Yang et al. 2013. “Enhanced transcription and translation in clay hydrogel and implications for early life evolution.” Scientific Reports 3 (7 Nov): 3165.

The joys of research!

By James Downard (not verified) on 21 Feb 2016 #permalink

... listening quietly from the back ...

sean s.

By sean samis (not verified) on 22 Feb 2016 #permalink

Pedr,

Guess not. Snowflakes and crystalline materials must similarly be impossible. Or else maybe God enjoys snow and crystals so he sits there with nothing better to do than arrange atoms into neat little orderly structures :).

Is not going from simple organisms to complex ones and the multiplication of species an increase in entropy rather than a decrease?

Jason, you are a fellow mathematician, and you have published devastating critiques of Sewell. Has he ever responded in any way?

By the way, my hypothesis is that he is suffering from a type of mental illness. I have personally seen brilliant physicists who have become thoroughly delusional on some aspect of science, but still manage to function in most other areas of life.

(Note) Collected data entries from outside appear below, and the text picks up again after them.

lemma second_difference_quotient_tendsto:
  fixes A :: "'a::real_normed_vector \<Rightarrow> 'b::real_inner"
  assumes diff: "\<forall>\<^sub>F x in nhds p. A differentiable (at x) \<and> (\<lambda>y. fderiv A y u) differentiable (at x)"
    and cont: "isCont (\<lambda>y. fderiv (\<lambda>z. fderiv A z u) y v) p"
  shows "((\<lambda>h. second_difference A p u v h \<bullet> e / (h * h))
    \<longlongrightarrow> fderiv (\<lambda>y. fderiv A y u) p v \<bullet> e) (at_right 0)"
proof (rule tendstoI)
  fix \<epsilon> :: real assume "\<epsilon> > 0"
  define c where "c y = fderiv (\<lambda>z. fderiv A z u) y v \<bullet> e" for y
  have "isCont c p"
    unfolding c_def using cont by (intro continuous_intros)
  then obtain \<delta> where "\<delta> > 0" and \<delta>: "\<And>y. dist y p < \<delta> \<Longrightarrow> dist (c y) (c p) < \<epsilon>"
    using \<open>\<epsilon> > 0\<close> unfolding continuous_at_eps_delta by blast
  obtain d where "d > 0" and d: "\<And>x. dist x p \<le> d \<Longrightarrow>
      A differentiable (at x) \<and> (\<lambda>y. fderiv A y u) differentiable (at x)"
    using diff unfolding eventually_nhds_metric_le by blast
  define b where "b = min d \<delta> / (norm u + norm v + 1)"
  have "b > 0"
    using \<open>d > 0\<close> \<open>\<delta> > 0\<close> by (simp add: b_def add_nonneg_pos)
  have small: "h * (norm u + norm v) < min d \<delta>" if "0 < h" "h < b" for h
  proof -
    have "h * (norm u + norm v) \<le> h * (norm u + norm v + 1)"
      using that by simp
    also have "\<dots> < min d \<delta>"
      using that by (simp add: b_def pos_less_divide_eq add_nonneg_pos)
    finally show ?thesis .
  qed
  show "\<forall>\<^sub>F h in at_right 0. dist (second_difference A p u v h \<bullet> e / (h * h)) (c p) < \<epsilon>"
    unfolding eventually_at_right_field
  proof (intro exI[of _ b] conjI allI impI)
    fix h :: real assume "0 < h" "h < b"
    then have "dist (p + s *\<^sub>R u + t *\<^sub>R v) p \<le> d" if "s \<in> {0..h}" "t \<in> {0..h}" for s t
      using dist_add_scaleR_le[OF that, of p u v] small[of h] by linarith
    then obtain q where "dist q p \<le> h * (norm u + norm v)"
      and q: "second_difference A p u v h \<bullet> e = h * h * c q"
      using second_difference_mvt[OF \<open>0 < h\<close>, of A p u v e] d unfolding c_def by blast
    then have "dist (c q) (c p) < \<epsilon>"
      using small[OF \<open>0 < h\<close> \<open>h < b\<close>] by (intro \<delta>) linarith
    then show "dist (second_difference A p u v h \<bullet> e / (h * h)) (c p) < \<epsilon>"
      using q \<open>0 < h\<close> by simp
  qed (use \<open>b > 0\<close> in auto)
qed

By Warren Johnson (not verified) on 23 Feb 2016 #permalink

Here is the arxiv version of a peer-reviewed article:

http://arxiv.org/abs/0903.4603

Evolution and the second law of thermodynamics

Emory F. Bunn
(Submitted on 26 Mar 2009)
"Skeptics of biological evolution often claim that evolution requires a decrease in entropy, giving rise to a conflict with the second law of thermodynamics. This argument is fallacious because it neglects the large increase in entropy provided by sunlight striking the Earth. A recent article provided a quantitative assessment of the entropies involved and showed explicitly that there is no conflict. That article rests on an unjustified assumption about the amount of entropy reduction involved in evolution. I present a refinement of the argument that does not rely on this assumption."

(Accepted for publication in American Journal of Physics)

The ball is in Sewell's court to respond with a peer-reviewed, accepted-for-publication in an established journal, article. Which of course he cannot do.

This graphic piece by Nick Sousanis, "Against the Flow" (that is, evolution as being "against" the flow of entropy), is both informative to laypersons in itself, and contains citations from peer-reviewed scientific works.